Presumption Of Interpretation Against Drafting Of An Agreement

The Presumption of interpretation against drafting of Agreement is also known as Contra Proferentem Principle. It is a doctrine that states that how ambiguous clauses of a contract should be interpreted. The aim of interpretation of contract is to ascertain and discovered the intention of the parties with which they had entered into contract. If a word in a contract is not defined in a contract, the word should be interpreted in ordinary, literal and plain meaning. It places the cost of losses to the parties who was in the best position to avoid the harm.

It is applicable only when the interpretations are sound, reasonable and there is no contrary interpretation being adopted on the principle is prima facie evident in the contractual document. Contra Proferentem has been increased with the rise of contract. Contract of adhesion involves strict take it or leave it basis giving no opportunity to party to bargain over specific terms. The phrase "Contra Proferentem" in latin translates "against the offeror" which can be further interpreted as "guilt of the drafter". It is known for placing fault on the party who created an ambiguous clause or requested that it can be included.

Evolution:
In Bank of India & Anr vs K.MohanDas the Supreme Court held that if the terms applied by one party are unclear than the interpretation against the party is preferred. (Verba Chartarum Fortius accipiuntur contra proferentem). The Court stated that contract must be read as whole and intention of the parties must be ascertained from the language considering the object of the contract and the real intention of the parties needs to be brought out and the words of each clause should be interpreted to bring harmony with other provisions.

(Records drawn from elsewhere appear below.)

(* Assume $\theta_i<1$ for all $i$ and $\theta_j>0$ for some $j$. Suppose $\mathcal G(C)$ is a star topology with center node $l$ and $0<\theta_l<1$. Then: (i) for every $i\in\mathcal V_p\setminus\{l\}$ with $C_{li}=0$ and every $x(0)\in\Delta_n$, the trajectory of system (A) satisfies that $x_i(s)$ converges exponentially to $\dfrac{n-\sqrt{n^2-4n\theta_i(1-\theta_i)}}{2n\theta_i}$; (ii) if moreover $C_{li}=0$ for all $i\in\mathcal V_p\setminus\{l\}$ and $\sum_{j\in\mathcal V_p\setminus\{l\}}\theta_j\le \dfrac{4n}{5}-1$, then for every $x(0)\in\Delta_n$ the trajectory of system (A) converges exponentially to the unique equilibrium $x^*$ given by $x^*_i=\dfrac{n-\sqrt{n^2-4n\theta_i(1-\theta_i)}}{2n\theta_i}$ for $i\in\mathcal V_p\setminus\{l\}$, $x^*_l=\dfrac{n-\sqrt{n^2-4n\theta_l(1-\theta_l)\xi^*}}{2n\theta_l}$, and $x^*_i=\dfrac1n+\big(\dfrac{\xi^*}{n}-x^*_l\big)C_{li}$ for $i\in\mathcal V_f$, where $\xi^*=n-r-n\sum_{j\in\mathcal V_p\setminus\{l\}}x^*_j$ and $r=|\mathcal V_f|$.
   Context: Let $n\ge 2$, $\mathbf 1_n$ the all-ones vector, $I_n$ the identity matrix, $\Delta_n=\{x\in\mathbb R^n: x\ge 0,\ \mathbf 1_n^Tx=1\}$. Let $C\in\mathbb R^{n\times n}$ be a nonnegative row-stochastic matrix with zero diagonal, and $\mathcal G(C)$ the digraph on $\{1,\dots,n\}$ with an edge $(i,j)$ iff $C_{ij}>0$. $\mathcal G(C)$ is a star topology with center node $l$ if every edge of $\mathcal G(C)$ is either from $l$ or to $l$ (i.e. $C_{ij}>0$ implies $i=l$ or $j=l$). Let $\theta=(\theta_1,\dots,\theta_n)\in[0,1]^n$, $\Theta=\mathrm{diag}(\theta)$, $W(x)=\mathrm{diag}(x)+(I_n-\mathrm{diag}(x))C$. Let $\mathcal V_f=\{i:\theta_i=0\}$ and $\mathcal V_p=\{i:\theta_i>0\}$. System (A): $x(s+1)=F(x(s))$, $s=0,1,2,\dots$, $x(0)\in\Delta_n$, where $F(x)=(I_n-\Theta)(I_n-W(x)^T\Theta)^{-1}\mathbf 1_n/n$. *)

theory Defs
  imports "HOL-Analysis.Analysis"
begin

text \<open>Vectors in R^n are modelled as real^'n with n = CARD('n);
  n x n matrices as real^'n^'n (rows indexed first).\<close>

definition diagm :: "real^'n \<Rightarrow> real^'n^'n" where
  "diagm x = (\<chi> i j. if i = j then x $ i else 0)"

definition ones :: "real^'n" where
  "ones = (\<chi> i. 1)"

definition prob_simplex :: "(real^'n) set" where
  "prob_simplex = {x. (\<forall>i. 0 \<le> x $ i) \<and> (\<Sum>i\<in>UNIV. x $ i) = 1}"

definition admissible_C :: "real^'n^'n \<Rightarrow> bool" where
  "admissible_C C \<longleftrightarrow> (\<forall>i j. 0 \<le> C $ i $ j) \<and> (\<forall>i. (\<Sum>j\<in>UNIV. C $ i $ j) = 1)
     \<and> (\<forall>i. C $ i $ i = 0)"

text \<open>G(C) is a star topology with center l: every edge (i,j), i.e. C_ij > 0,
  is from l or to l.\<close>
definition star_topology :: "real^'n^'n \<Rightarrow> 'n \<Rightarrow> bool" where
  "star_topology C l \<longleftrightarrow> (\<forall>i j. 0 < C $ i $ j \<longrightarrow> i = l \<or> j = l)"

definition Wm :: "real^'n^'n \<Rightarrow> real^'n \<Rightarrow> real^'n^'n" where
  "Wm C x = diagm x + (mat 1 - diagm x) ** C"

definition Fmap :: "real^'n^'n \<Rightarrow> real^'n \<Rightarrow> real^'n \<Rightarrow> real^'n" where
  "Fmap C \<theta> x = (mat 1 - diagm \<theta>) *v
      (matrix_inv (mat 1 - transpose (Wm C x) ** diagm \<theta>) *v
        ((1 / real CARD('n)) *\<^sub>R ones))"

definition trajectory :: "real^'n^'n \<Rightarrow> real^'n \<Rightarrow> (nat \<Rightarrow> real^'n) \<Rightarrow> bool" where
  "trajectory C \<theta> x \<longleftrightarrow> x 0 \<in> prob_simplex \<and> (\<forall>s. x (Suc s) = Fmap C \<theta> (x s))"

definition exp_conv :: "(nat \<Rightarrow> 'a::real_normed_vector) \<Rightarrow> 'a \<Rightarrow> bool" where
  "exp_conv f a \<longleftrightarrow> (\<exists>c q. 0 \<le> c \<and> 0 \<le> q \<and> q < 1 \<and> (\<forall>s. norm (f s - a) \<le> c * q ^ s))"

definition limval :: "real \<Rightarrow> real \<Rightarrow> real" where
  "limval n t = (n - sqrt (n^2 - 4 * n * t * (1 - t))) / (2 * n * t)"

definition xi_star :: "real^'n \<Rightarrow> 'n \<Rightarrow> real" where
  "xi_star \<theta> l = (let n = real CARD('n); r = real (card {i. \<theta> $ i = 0}) in
     n - r - n * (\<Sum>j\<in>{j. 0 < \<theta> $ j \<and> j \<noteq> l}. limval n (\<theta> $ j)))"

definition xstar_l :: "real^'n \<Rightarrow> 'n \<Rightarrow> real" where
  "xstar_l \<theta> l = (let n = real CARD('n) in
     (n - sqrt (n^2 - 4 * n * (\<theta> $ l) * (1 - \<theta> $ l) * xi_star \<theta> l)) / (2 * n * (\<theta> $ l)))"

definition xstar :: "real^'n^'n \<Rightarrow> real^'n \<Rightarrow> 'n \<Rightarrow> real^'n" where
  "xstar C \<theta> l = (\<chi> i. let n = real CARD('n) in
     if i = l then xstar_l \<theta> l
     else if 0 < \<theta> $ i then limval n (\<theta> $ i)
     else 1 / n + (xi_star \<theta> l / n - xstar_l \<theta> l) * C $ l $ i)"

end

theory Submission
  imports Defs
begin

text \<open>The map is \<open>F(x) = (I - \<Theta>) y(x)\<close> where \<open>y = 1/n + W(x)\<^sup>T \<Theta> y\<close>; as \<open>W(x)\<close> is
  row-stochastic and \<open>\<theta> < 1\<close>, this system has a unique solution, it is nonnegative, and \<open>F\<close>
  maps the simplex into itself. On a star with centre \<open>l\<close>, a peripheral node \<open>i\<close> with
  \<open>C\<^sub>l\<^sub>i = 0\<close> only sees itself: \<open>x\<^sub>i \<mapsto> (1 - \<theta>\<^sub>i) / (n (1 - \<theta>\<^sub>i x\<^sub>i))\<close>, a contraction on
  \<open>[0, 1/n]\<close> whose fixed point is the smaller root of \<open>n \<theta> z\<^sup>2 - n z + 1 - \<theta> = 0\<close>.
  If all peripheral nodes are of this kind, the centre follows
  \<open>x\<^sub>l \<mapsto> (1 - \<theta>\<^sub>l) \<xi>(x) / (n (1 - \<theta>\<^sub>l x\<^sub>l))\<close>, where the inflow \<open>\<xi>\<close> from the periphery
  converges exponentially; the load bound \<open>\<Sum> \<theta>\<^sub>j \<le> 4n/5 - 1\<close> gives \<open>\<xi> \<le> 4n/5\<close>, hence
  \<open>x\<^sub>l \<le> 4/5\<close> after one step, which makes this a perturbed contraction. The remaining nodes,
  with \<open>\<theta>\<^sub>i = 0\<close>, are explicit functions of \<open>x\<^sub>l\<close>. Every trajectory thus converges
  exponentially to \<open>x\<^sup>*\<close>, which is therefore the only fixed point in the simplex.\<close>

section \<open>Exponential convergence\<close>

lemma exp_convI:
  assumes "0 \<le> c" "0 \<le> q" "q < 1" "\<And>s. norm (f s - a) \<le> c * q ^ s"
  shows "exp_conv f a"
  using assms unfolding exp_conv_def by blast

The bank who was responsible to formulate the scheme in the contractual scheme that the optees for voluntary retirement under that scheme will be eligible to get pension under Pension Regulations 1995 and therefore they bear the risk of clarity. In Industrial Promotion and Investment Corporation of Orissa Ltd vs New India Assurance Co Ltd 22nd August, 2016.

The Supreme Court held that contract to be contra proferentes in cases of real ambiguity. Court held that one must not use the rule to create an ambiguity, one must find the ambiguity first. When a clause by itself is ambiguous, if by looking at the whole policy its meaning is clear there is no room for the application of the doctrine. The assured cannot put his own meaning upon a policy but when it is ambiguous it should be construed in the sense in which he might have reasonably understood.

In United Insurance Company Ltd vs Orient Treasures (P) Ltd (2016) 3 SCC 49 The Supreme Court in the said judgment held that in the absence of any ambiguity the respondent is not entitled to invoke the principle underlined in the rule of contra proferentem for interpreting the clauses of the policy. Where a policy is produced by the insurers, it is their business to see that precision and clarity are attained and if they fail to do so, the ambiguity will be resolved by adopting the construction favourable to the insured. The Contra Proferentem rule becomes operative when the words are truly ambiguous and it cannot be invoked for creating a doubt and the words are free from ambiguity in the sense that fairly and reasonably construed.

In United India Insurance Co. Ltd vs M/S. Pushpalaya Printers on 25 February, 2004 the Supreme Court held that where the words of a document are ambiguous, they shall be construed against the party who prepared the document. It is also settled position if there is any document or term is capable of possible two interpretations one beneficial to the insured to be accepted consistent for which policy is taken, namely to cover the risk on the happening of certain event. In "Oriental Insurance Co Ltd vs Sony Cheriyan" 1999 (6) SCC 451 the Supreme Court held that contract should be read as whole.

Opinion:
In furtherance of viewpoint expressed through judgments, it is opinionated that if there is absurdity or ambiguity in a contract instead of construing against the party who prepared the document, one should follow the approach of harmonious construction so that both the parties get benefit from such contract and if at all the contract is ambiguous or the specific clause is ambiguous, one should resort to alternative remedy such as bringing amendment to the agreement and if there is need to incorporate new clause to alter the previous clause, the addendum agreement can be helpful. One can also resolve their grievances or disputes through Mediation, Arbitration and Conciliation. If the disputes are not settled through alternative disputes resolution, one can approach and file suit for civil nature to get the appropriate relief.

Exceptions:
In "Export Credit Guarantee Corporation of India Ltd vs Garg Sons International" it was held that doctrine of contra proferentem would not apply to commercial contracts which are mutually and bilaterally agreed upon. In " SK Jain vs State of Haryana & Anr" held that principle of contra proferentem does not apply to commercial contracts. In "National Insurance Company Ltd vs Chief Electoral Officer" rule of contra proferentem does not apply in case of commercial contract for the reason that commercial contract is bilateral and has been mutually agreed upon.

Conclusion:
The Party should negotiate the contract and read the terms and conditions wisely to avoid unwanted litigation and avoid hassles of the Court. The Party should keep copy of the proceedings and evidence to prove the genuineness of the case. Every detail of the Contract should be discussed meticulously. A contract cannot be made if it disadvantageous to another. The doctrine of contra- proferentem gives an added responsibility to framer's checkers and to keep the check and balances.